> _Task to carry out_
From the very first line down to the line containing "text \<open>Partitions as", write out the material exactly as it appears, and no more.

> _Extracted information_

# # # # #

definition Ncyc :: "'v set \<Rightarrow> 'e set \<Rightarrow> ('e \<Rightarrow> 'v \<times> 'v) \<Rightarrow> nat multiset \<Rightarrow> nat" where
  "Ncyc V E ends lam = card {S. is_cycle V E ends S \<and> cycle_type ends S = lam}"

text \<open>Partitions as multisets of positive integers; |lam| = sum_mset lam.\<close>
definition partitions_upto :: "nat \<Rightarrow> nat multiset set" where
  "partitions_upto n = {lam. (\<forall>k\<in>#lam. 0 < k) \<and> sum_mset lam \<le> n}"

definition pk :: "nat \<Rightarrow> (nat \<Rightarrow> complex) \<Rightarrow> nat \<Rightarrow> complex" where
  "pk r x k = (\<Sum>i\<in>{1..<r}. x i ^ k)"

definition plam :: "nat \<Rightarrow> (nat \<Rightarrow> complex) \<Rightarrow> nat multiset \<Rightarrow> complex" where
  "plam r x lam = prod_mset (image_mset (pk r x) lam)"

end

theory Submission
  imports Defs
begin

text \<open>With B the identity only colourings that are constant on edges contribute. An edge of
  colour r is invisible to the tensors: a vertex contributes t if it meets no other colour, x_i if
  the other colours at it are exactly two half-edges of colour i, and 0 otherwise. So the edges
  not coloured r form a cycle S, coloured constantly on each connected component, and summing
  over the colours of the components gives F = sum over cycles S of t^(n - |S|) p_(type S),
  that is, the expansion with a_lambda = N_lambda.

  Uniqueness holds because the p_lambda with at most n < r parts are linearly independent
  functions of x_1, ..., x_(r-1) (put t = 1).\<close>

section \<open>Linear independence of products of power sums\<close>

lemma base_expansion_less:
  fixes d :: "nat \<Rightarrow> nat"
  assumes "\<And>i. i < K \<Longrightarrow> d i < B"
  shows "(\<Sum>i<K. d i * B ^ i) < B ^ K"
  using assms
proof (induction K)
  case 0
  then show ?case by simp
next
  case (Suc K)
  then have "(\<Sum>i<Suc K. d i * B ^ i) < (d K + 1) * B ^ K" by simp
  also have "\<dots> \<le> B * B ^ K"
    using Suc.prems[of K] by (intro mult_right_mono) auto
  finally show ?case by simp
qed

lemma base_expansion_unique:
  fixes a b :: "nat \<Rightarrow> nat"
  assumes "\<And>i. i < K \<Longrightarrow> a i < B" and "\<And>i. i < K \<Longrightarrow> b i < B"
    and "(\<Sum>i<K. a i * B ^ i) = (\<Sum>i<K. b i * B ^ i)"
    and "i < K"
  shows "a i = b i"
  using assms
proof (induction K)
  case 0
  then show ?case by simp
next
  case (Suc K)
  let ?a = "\<Sum>i<K. a i * B ^ i" and ?b = "\<Sum>i<K. b i * B ^ i"
  have "?a < B ^ K" "?b < B ^ K"
    using Suc.prems(1,2) by (auto intro!: base_expansion_less)
  moreover have sums: "?a + a K * B ^ K = ?b + b K * B ^ K"
    using Suc.prems(3) by simp
  ultimately have "a K = b K"
    by (metis div_mult_self1 div_less add.right_neutral less_nat_zero_code neq0_conv)
  then show ?case
    using Suc sums by (cases "i = K") auto
qed

text \<open>Under x_i = u^(B^i), the term of p_(mset M) sending the j-th part of M to the variable
  f j is u^(monomial_exponent B M f); when B exceeds the sum of M, digit M f i is its i-th digit
  in base B.\<close>
definition monomial_exponent :: "nat \<Rightarrow> nat list \<Rightarrow> (nat \<Rightarrow> nat) \<Rightarrow> nat" where
  "monomial_exponent B M f = (\<Sum>j<length M. M ! j * B ^ f j)"

definition digit :: "nat list \<Rightarrow> (nat \<Rightarrow> nat) \<Rightarrow> nat \<Rightarrow> nat" where
  "digit M f i = (\<Sum>j | j < length M \<and> f j = i. M ! j)"

lemma monomial_exponent_eq_sum_digits:
  assumes "\<And>j. j < length M \<Longrightarrow> f j < K"
  shows "monomial_exponent B M f = (\<Sum>i<K. digit M f i * B ^ i)"
proof -
  have "monomial_exponent B M f = (\<Sum>i<K. \<Sum>j | j \<in> {..<length M} \<and> f j = i. M ! j * B ^ f j)"
    unfolding monomial_exponent_def by (rule sum.group[symmetric]) (use assms in auto)
  also have "\<dots> = (\<Sum>i<K. digit M f i * B ^ i)"
    unfolding digit_def sum_distrib_right by (intro sum.cong) auto
  finally show ?thesis .
qed

lemma digit_le_sum_list: "digit M f i \<le> sum_list M"
proof -
  have "digit M f i \<le> (\<Sum>j<length M. M ! j)"
    unfolding digit_def by (rule sum_mono2) auto
  then show ?thesis
    by (simp add: sum_list_sum_nth atLeast0LessThan)
qed

lemma digit_Suc: "i \<in> {1..length L} \<Longrightarrow> digit L Suc i = L ! (i - 1)"
proof -
  assume "i \<in> {1..length L}"
  then have "{j. j < length L \<and> Suc j = i} = {i - 1}" by auto
  then show ?thesis unfolding digit_def by simp
qed

lemma mset_eq_nth_image: "mset M = image_mset (nth M) (mset_set {..<length M})"
  by (metis map_nth mset_map mset_upt lessThan_atLeast0)

text \<open>If the digits of M placed by f reproduce those of a list L of positive parts placed at
  1, ..., length L, then every place is hit, so f is a bijection onto these places.\<close>
lemma mset_eq_if_digits_eq:
  assumes pos: "\<forall>k\<in>set L. 0 < k" and len: "length M \<le> length L"
    and digits: "\<And>i. i \<in> {1..length L} \<Longrightarrow> digit M f i = L ! (i - 1)"
  shows "mset M = mset L"
proof -
  let ?m = "length M" and ?l = "length L"
  have hit: "{1..?l} \<subseteq> f ` {..<?m}"
  proof
    fix i assume "i \<in> {1..?l}"
    then have "digit M f i \<noteq> 0" using digits pos by auto
    then obtain j where "j < ?m" "f j = i"
      unfolding digit_def by (metis (mono_tags, lifting) empty_Collect_eq sum.empty)
    then show "i \<in> f ` {..<?m}" by blast
  qed
  then have "?l \<le> card (f ` {..<?m})" using card_mono[OF _ hit] by simp
  moreover have "card (f ` {..<?m}) \<le> ?m" using card_image_le[of "{..<?m}" f] by simp
  ultimately have card_eq: "card (f ` {..<?m}) = ?m" and "?m = ?l" using len by auto
  then have inj: "inj_on f {..<?m}" by (intro eq_card_imp_inj_on) auto
  have onto: "f ` {..<?m} = {1..?l}"
    using hit card_eq \<open>?m = ?l\<close> by (intro card_subset_eq[symmetric]) auto
  have "M ! j = L ! (f j - 1)" if "j < ?m" for j
  proof -
    have "{j'. j' < ?m \<and> f j' = f j} = {j}" using inj that by (auto dest: inj_onD)
    then have "digit M f (f j) = M ! j" unfolding digit_def by simp
    moreover have "f j \<in> {1..?l}" using onto that by blast
    ultimately show ?thesis using digits by metis
  qed
  then have "mset M = image_mset (\<lambda>i. L ! (i - 1)) (image_mset f (mset_set {..<?m}))"
    unfolding mset_eq_nth_image[of M] image_mset.compositionality by (intro image_mset_cong) auto
  also have "image_mset f (mset_set {..<?m}) = image_mset Suc (mset_set {..<?l})"
    using image_mset_mset_set[OF inj] onto \<open>?m = ?l\<close>
    by (simp add: image_mset_mset_set image_Suc_lessThan)
  finally show ?thesis
    by (simp add: mset_eq_nth_image[of L] image_mset.compositionality comp_def)
qed

lemma length_sorted_list_of_multiset [simp]: "length (sorted_list_of_multiset M) = size M"
  by (metis mset_sorted_list_of_multiset size_mset)

lemma sum_list_sorted_list_of_multiset [simp]:
  "sum_list (sorted_list_of_multiset M) = sum_mset M"
  by (metis mset_sorted_list_of_multiset sum_mset_sum_list)

lemma monomial_exponent_eq_imp_eq:
  fixes mu lam :: "nat multiset"
  assumes "sum_mset mu < B" "sum_mset lam < B" "\<forall>k\<in>#lam. 0 < k"
    and "size mu \<le> size lam" "size lam < K" "\<And>j. j < size mu \<Longrightarrow> f j < K"
    and "monomial_exponent B (sorted_list_of_multiset mu) f =
      monomial_exponent B (sorted_list_of_multiset lam) Suc"
  shows "mu = lam"
proof -
  let ?M = "sorted_list_of_multiset mu" and ?L = "sorted_list_of_multiset lam"
  have "(\<Sum>i<K. digit ?M f i * B ^ i) = (\<Sum>i<K. digit ?L Suc i * B ^ i)"
    using assms(5-7) monomial_exponent_eq_sum_digits[of ?M f K B]
      monomial_exponent_eq_sum_digits[of ?L Suc K B] by simp
  moreover have "digit ?M f i < B" "digit ?L Suc i < B" for i
    using assms(1,2) digit_le_sum_list[of ?M f i] digit_le_sum_list[of ?L Suc i] by simp_all
  ultimately have "digit ?M f i = digit ?L Suc i" if "i < K" for i
    using that base_expansion_unique[of K "digit ?M f" B "digit ?L Suc" i] by blast
  then have "mset ?M = mset ?L"
    using assms(3-5) digit_Suc by (intro mset_eq_if_digits_eq[where f = f]) auto
  then show ?thesis by simp
qed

# # # # #

> _Result for this exercise_
definition Ncyc :: "'v set \<Rightarrow> 'e set \<Rightarrow> ('e \<Rightarrow> 'v \<times> 'v) \<Rightarrow> nat multiset \<Rightarrow> nat" where
  "Ncyc V E ends lam = card {S. is_cycle V E ends S \<and> cycle_type ends S = lam}"

text \<open>Partitions as multisets of positive integers; |lam| = sum_mset lam.\<close>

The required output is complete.